The Union government’s latest National List of Essential Medicines excludes newer cancer drugs, giving patients little relief from the high cost of treatment, some doctors and activists said.
Four drugs for cancer treatment were added to NLEM 2022, which was released on September 13. With the new inclusions, the NLEM now contains 63 drugs across antineoplastics, hormones and antihormones, and immunosuppressives to treat and support cancer patients and medicines used in palliative care for terminally ill patients.
Yet, oncologists and advocates for the rights of cancer patients say India may have passed up an opportunity to make many cancer treatment, currently priced beyond the reach of the majority of the people, more affordable and accessible.
This is because none of the newer classes of drugs and biologicals that are now available to treat cancer have been included in the list that is periodically prepared to meet the priority healthcare needs of the people.
The National Pharmaceutical Pricing Authority sets ceiling prices for drugs on the list, which are selected considering factors such as disease prevalence and public health relevance, evidence of efficacy and safety, and comparative cost-effectiveness.

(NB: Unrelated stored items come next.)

(* Let $G$ be a trigraph and $\varphi\in\operatorname{Aut}(G)$. Then there exists a partial contraction sequence of $G$ of width at most $4\Delta(G)$ whose last partition is the partition of $V(G)$ into the orbits of $\langle\varphi\rangle$, i.e., which contracts $G$ to $G/\langle\varphi\rangle$. In particular, $\operatorname{tww}(G)\leq\max\{4\Delta(G),\operatorname{tww}(G/\langle\varphi\rangle)\}$.
   Context: A trigraph is a finite simple graph whose edges are each colored red or black. $\operatorname{Aut}(G)$ is the automorphism group of the underlying simple graph of $G$ (automorphisms need not preserve edge colors); $\Delta(G)$ is the maximum degree (both colors). The red degree of a vertex is the number of red edges incident to it. For a partition $\mathcal{P}$ of $V(G)$, the quotient trigraph $G/\mathcal{P}$ has vertex set $\mathcal{P}$; two distinct parts $U,W$ are joined by a black edge if every pair $\{u,w\}$ with $u\in U,w\in W$ is a black edge of $G$, are non-adjacent if no such pair is an edge, and are joined by a red edge otherwise. For a group $\Gamma\subseteq\operatorname{Aut}(G)$, $G/\Gamma$ is the quotient by the partition into $\Gamma$-orbits. A contraction sequence of an $n$-vertex trigraph $G$ is a sequence $\mathcal{P}_n,\dots,\mathcal{P}_1$ of partitions of $V(G)$ where $\mathcal{P}_n$ is the partition into singletons and each $\mathcal{P}_i$ arises from $\mathcal{P}_{i+1}$ by merging two parts; a partial contraction sequence is a prefix $\mathcal{P}_n,\dots,\mathcal{P}_i$. The width is the maximum red degree over the trigraphs $G/\mathcal{P}_j$ in the sequence, and $\operatorname{tww}(G)$ is the minimum width of a (complete) contraction sequence. *)

theory Defs
  imports Main
begin

text \<open>A trigraph on vertex type 'a: (V, B, R) = vertex set, black edges, red edges.
  Edges are 2-element subsets of V.\<close>
type_synonym 'a trigraph = "'a set \<times> 'a set set \<times> 'a set set"

definition verts :: "'a trigraph \<Rightarrow> 'a set" where "verts G = fst G"
definition black :: "'a trigraph \<Rightarrow> 'a set set" where "black G = fst (snd G)"
definition red :: "'a trigraph \<Rightarrow> 'a set set" where "red G = snd (snd G)"
definition edges :: "'a trigraph \<Rightarrow> 'a set set" where "edges G = black G \<union> red G"

definition trigraph :: "'a trigraph \<Rightarrow> bool" where
  "trigraph G \<longleftrightarrow> finite (verts G) \<and> black G \<inter> red G = {} \<and>
     (\<forall>e \<in> edges G. \<exists>u v. e = {u, v} \<and> u \<noteq> v \<and> u \<in> verts G \<and> v \<in> verts G)"

text \<open>Automorphism of the underlying simple graph (colours need not be preserved).\<close>
definition is_aut :: "'a trigraph \<Rightarrow> ('a \<Rightarrow> 'a) \<Rightarrow> bool" where
  "is_aut G \<phi> \<longleftrightarrow> bij_betw \<phi> (verts G) (verts G) \<and>
     (\<forall>u \<in> verts G. \<forall>v \<in> verts G. {u, v} \<in> edges G \<longleftrightarrow> {\<phi> u, \<phi> v} \<in> edges G)"

definition degree :: "'a trigraph \<Rightarrow> 'a \<Rightarrow> nat" where
  "degree G v = card {w. {v, w} \<in> edges G}"

definition red_degree :: "'a trigraph \<Rightarrow> 'a \<Rightarrow> nat" where
  "red_degree G v = card {w. {v, w} \<in> red G}"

Cancer crushes, financially too
According to the National Cancer Registry Programme report for 2021, almost 1.39 million new cancer cases were recorded in India in 2020 and more than 850,000 patients
succumbed to the disease. The burden of the disease in the country grows every year and is projected to reach a total of 29 million in 2025.
While it is widely established that out-of-pocket expenditure is the highest for cancer owing to its chronic nature and expensive treatment, a scientific analysis released last year by researchers associated with the All India Institute of Medical Sciences, Hrishikesh underlined just how bad it is.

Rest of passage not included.